In recent years, reimbursement by insurers has trumped FDA regulatory approval as the medical device industry’s biggest concern and remains at the forefront of
stakeholders’ minds. To prevent reimbursement issues from impacting financing goals, device manufacturers must develop a well-planned reimbursement strategy in parallel with their regulatory and clinical strategies in the early phases of product development. In this era of health care reform, medical device manufacturers are under intense pressure to develop products that demonstrate real value (i.e., lower costs and improved patient outcomes) in order to secure coverage and attract investors. If coverage is uncertain, it is difficult for the manufacturer to predict whether an investment in a new medical device will provide sufficient return of investment. This lack of predictability is also an obvious barrier to securing venture capitalist funding, which nowadays is the number one issue on investors’ minds and relies heavily on your presenting to them a realistic reimbursement strategy to ultimately gain coverage.

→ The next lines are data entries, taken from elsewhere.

lemma shrinking_disc_first_contact:
  fixes a b c y0 \<rho> k T t x :: real and f :: "real \<Rightarrow> real \<Rightarrow> real"
  assumes cont: "continuous_on ({0..<T} \<times> {a..b}) (\<lambda>(t, x). f t x)"
    and init: "\<And>x. x \<in> {a..b} \<Longrightarrow> \<rho> < (x - c)\<^sup>2 + (f 0 x - y0)\<^sup>2"
    and "t \<in> {0..<T}" "x \<in> {a..b}" "(x - c)\<^sup>2 + (f t x - y0)\<^sup>2 \<le> \<rho> - k * t"
  obtains ts xs where "0 < ts" "ts \<le> t" "xs \<in> {a..b}"
    "(xs - c)\<^sup>2 + (f ts xs - y0)\<^sup>2 = \<rho> - k * ts"
    "\<And>y. y \<in> {a..b} \<Longrightarrow> \<rho> - k * ts \<le> (y - c)\<^sup>2 + (f ts y - y0)\<^sup>2"
    "\<And>s. s \<in> {0..<ts} \<Longrightarrow> \<rho> - k * s < (xs - c)\<^sup>2 + (f s xs - y0)\<^sup>2"
proof -
  define G where "G s y = (y - c)\<^sup>2 + (f s y - y0)\<^sup>2 - (\<rho> - k * s)" for s y
  have "{0..t} \<times> {a..b} \<subseteq> {0..<T} \<times> {a..b}"
    using \<open>t \<in> {0..<T}\<close> by auto
  then have "continuous_on ({0..t} \<times> {a..b}) (\<lambda>(s, y). f s y)"
    by (rule continuous_on_subset[OF cont])
  then have "continuous_on ({0..t} \<times> {a..b}) (\<lambda>(s, y). G s y)"
    unfolding G_def case_prod_beta by (intro continuous_intros)
  then obtain ts xs where "0 < ts" "ts \<le> t" "xs \<in> {a..b}" "G ts xs = 0"
    and "\<And>s y. s \<in> {0..<ts} \<Longrightarrow> y \<in> {a..b} \<Longrightarrow> 0 < G s y"
    and "\<And>y. y \<in> {a..b} \<Longrightarrow> 0 \<le> G ts y"
    using first_contact_time[of "{a..b}" 0 t G x] init assms(3-5) by (auto simp: G_def)
  then show thesis
    by (intro that[of ts xs]) (auto simp: G_def)
qed
lemma power_ansatz_potential:
  fixes r n a \<beta> w :: real
  assumes "0 < r"
  defines "\<alpha> \<equiv> (n - 2) / 2"
  shows "((- \<alpha> / r\<^sup>2 + \<beta> * a * r powr (a - 1)) + (n - 1) * (\<alpha> / r + \<beta> * r powr a) / r
        - (\<alpha> / r + \<beta> * r powr a)\<^sup>2) * w + (\<alpha> / r + \<beta> * r powr a) * (w * (2 * \<beta> * r powr a))
    = \<alpha>\<^sup>2 * (w / r\<^sup>2) + \<beta>\<^sup>2 * (r powr (2 * a) * w) + \<beta> * (n - 1 + a) * (r powr (a - 1) * w)"
proof -
  define p where "p = r powr a"
  have "r powr (a - 1) = p / r" "r powr (2 * a) = p\<^sup>2"
    using assms(1) by (simp_all add: p_def powr_diff powr_add[symmetric] power2_eq_square)
  then show ?thesis
    using assms(1) unfolding \<alpha>_def by (simp flip: p_def) (simp add: field_simps power2_eq_square)
qed

lemma radial_square_completion:
  fixes r w w' f f' U G n :: real
  assumes "0 < r" "0 \<le> w"
  shows "((f' + (n - 1) * f / r - f\<^sup>2) * w + f * w') * U\<^sup>2
    \<le> (G / r)\<^sup>2 * w + (2 * (f * w) * U * (G / r) + ((f * w' + f' * w) + (n - 1) * (f * w) / r) * U\<^sup>2)"
proof -
  have "(G / r)\<^sup>2 * w + (2 * (f * w) * U * (G / r) + ((f * w' + f' * w) + (n - 1) * (f * w) / r) * U\<^sup>2)
      - ((f' + (n - 1) * f / r - f\<^sup>2) * w + f * w') * U\<^sup>2 = w * (G / r + f * U)\<^sup>2"
    using assms(1) by (simp add: field_simps power2_eq_square)
  then show ?thesis
    using assms(2) by (metis diff_ge_0_iff_ge zero_le_mult_iff zero_le_power2)
qed

locale C1_supported_off_ball =
  fixes u :: "'a::euclidean_space \<Rightarrow> real" and g :: "'a \<Rightarrow> 'a" and \<rho> :: real
  assumes gderiv: "\<And>x. GDERIV u x :> g x" and gradient_cont: "continuous_on UNIV g"
    and radius_pos: "0 < \<rho>" and vanishes_in_ball: "\<And>x. norm x < \<rho> \<Longrightarrow> u x = 0"
    and bounded_support: "bounded {x. u x \<noteq> 0}"
begin

lemma continuous: "continuous_on UNIV u"
  using gderiv unfolding gderiv_def
  by (meson continuous_at_imp_continuous_on has_derivative_continuous)

lemma vanishes_outside_annulus:
  obtains M where "0 < M" "\<And>x. norm x < \<rho> \<or> M < norm x \<Longrightarrow> u x = 0 \<and> g x = 0"
proof -
  obtain M where "\<And>x. u x \<noteq> 0 \<Longrightarrow> norm x \<le> M"
    using bounded_support unfolding bounded_iff by auto
  then have u_outer: "u x = 0" if "M < norm x" for x
    using that by force
  have "g x = 0" if "norm x < \<rho>" for x
    by (rule gderiv_eq_0_if_vanishing_on_open[OF gderiv, of "ball 0 \<rho>"])
      (use that vanishes_in_ball in auto)
  moreover have "g x = 0" if "max M \<rho> < norm x" for x
    by (rule gderiv_eq_0_if_vanishing_on_open[OF gderiv, of "- cball 0 (max M \<rho>)"])
      (use that u_outer in auto)
  ultimately show ?thesis
    using that[of "max M \<rho>"] radius_pos vanishes_in_ball u_outer by force
qed

lemma integrable_if_vanishes_with:
  fixes f :: "'a \<Rightarrow> real"
  assumes "continuous_on (- {0}) f" and "\<And>x. u x = 0 \<Longrightarrow> g x = 0 \<Longrightarrow> f x = 0"
  shows "integrable lborel f"
proof -
  obtain M where "\<And>x. norm x < \<rho> \<or> M < norm x \<Longrightarrow> u x = 0 \<and> g x = 0"
    using vanishes_outside_annulus by blast
  then show ?thesis
    using assms by (intro integrable_lborel_supported_in_annulus[OF _ radius_pos]) auto
qed

lemma gderiv_square_mult_radial:
  fixes k k' :: "real \<Rightarrow> real"
  assumes k_deriv: "\<And>r. 0 < r \<Longrightarrow> (k has_real_derivative k' r) (at r)"
  shows "GDERIV (\<lambda>x. (u x)\<^sup>2 * k (norm x)) x :>
    (2 * u x * k (norm x)) *\<^sub>R g x + ((u x)\<^sup>2 * k' (norm x)) *\<^sub>R sgn x"
proof (cases "x = 0")
  case True
  then have "FDERIV (\<lambda>_. 0) x :>
      (\<lambda>v. v \<bullet> ((2 * u x * k (norm x)) *\<^sub>R g x + ((u x)\<^sup>2 * k' (norm x)) *\<^sub>R sgn x))"
    using vanishes_in_ball radius_pos by simp
  then show ?thesis
    unfolding gderiv_def
    by (rule has_derivative_transform_within_open[where s = "ball 0 \<rho>"])
      (use True radius_pos vanishes_in_ball in auto)
next
  case False
  have "FDERIV (\<lambda>x. (u x)\<^sup>2) x :> (\<lambda>v. 2 * u x * (v \<bullet> g x))"
    using gderiv[of x] unfolding gderiv_def by (auto intro!: derivative_eq_intros)
  moreover have "FDERIV (\<lambda>x. k (norm x)) x :> (\<lambda>v. k' (norm x) * (v \<bullet> sgn x))"
    using has_derivative_compose[OF has_derivative_norm[OF False]
        k_deriv[unfolded has_field_derivative_def]] False
    by simp
  ultimately show ?thesis
    unfolding gderiv_def
    by (rule has_derivative_eq_rhs[OF has_derivative_mult])
      (simp add: fun_eq_iff inner_add_right algebra_simps inner_commute)
qed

In a nutshell, a payer’s decision to cover and pay for a medical device and/or its associated procedure can make or break a medical device company.
Outside of the development process, reimbursement and pricing are two of the most difficult challenges faced by medical device manufacturers. Unfortunately,
many companies are not able to allocate resources to either issue until they are faced with a sales crisis. And often, that crisis can be traced back to their lack of
developing reimbursement or pricing strategies. Nevertheless, the development of a consistent, coordinated reimbursement and pricing strategy is one of the key
factors in achieving long-term success in the medical device marketplace.
Many manufacturers do not adequately address potential reimbursement issues prior to product launch. As part of the sales process, healthcare providers must
be assured that reimbursement will be available. However, if manufacturers do not follow through on solving reimbursement problems with payers, the end result
will be a flurry of phone calls from field sales representatives trying to respond to providers that have purchased the device but can't get reimbursed. Nobody likes to be on the receiving end of these phone calls, and it is difficult to be in a position of trying to negotiate with payers after the fact. Developing a reimbursement strategy that covers each of the relevant markets (e.g., Medicare, Medicaid, and commercial payers) before product launch and in tandem with pricing strategies is not a luxury. Rather, it is a must.
Why is it so important? Reimbursement is the critical variable that is factored into a provider’s algorithm when it is deciding whether to purchase a device.
Providers understand the economics of their practice and the need to ensure that every patient visit produces revenue. A device that translates into a reimbursable
procedure, with minimum hassle factor, has an excellent chance of reaching its sales target. Conversely, a device that results in payment denials greatly impedes usage by providers. Healthcare providers will consider the amount of time involved and the associated opportunity cost if they could be seeing other patients, the sales price, the burden of resubmitting claims and appeals, and the relative ease with which the procedure can be incorporated into their practice. One of the primary variables they consider is the price of the device relative to the financial return they can expect to make on the procedure.
Payers, on the other hand, have a separate set of criteria they use to evaluate new devices. At the top of the list is how much the device will cost the payer in
terms of direct claims expense. Ideally, manufacturers should provide payers with evidence that a device will result in an overall decrease in medical costs by one of the following methods:
- substituting for more-costly but equally- or less- effective technology;
- reducing overall healthcare costs by reducing or eliminating hospital stays or other services;
- roving that usage of a medical will result in a decrease in medication cost;
- reducing future healthcare costs through early detection.
It is incumbent upon manufacturers to provide payers with the clinical trial data needed to make the economic and clinical arguments. The data should support a
positive coverage and reimbursement decision.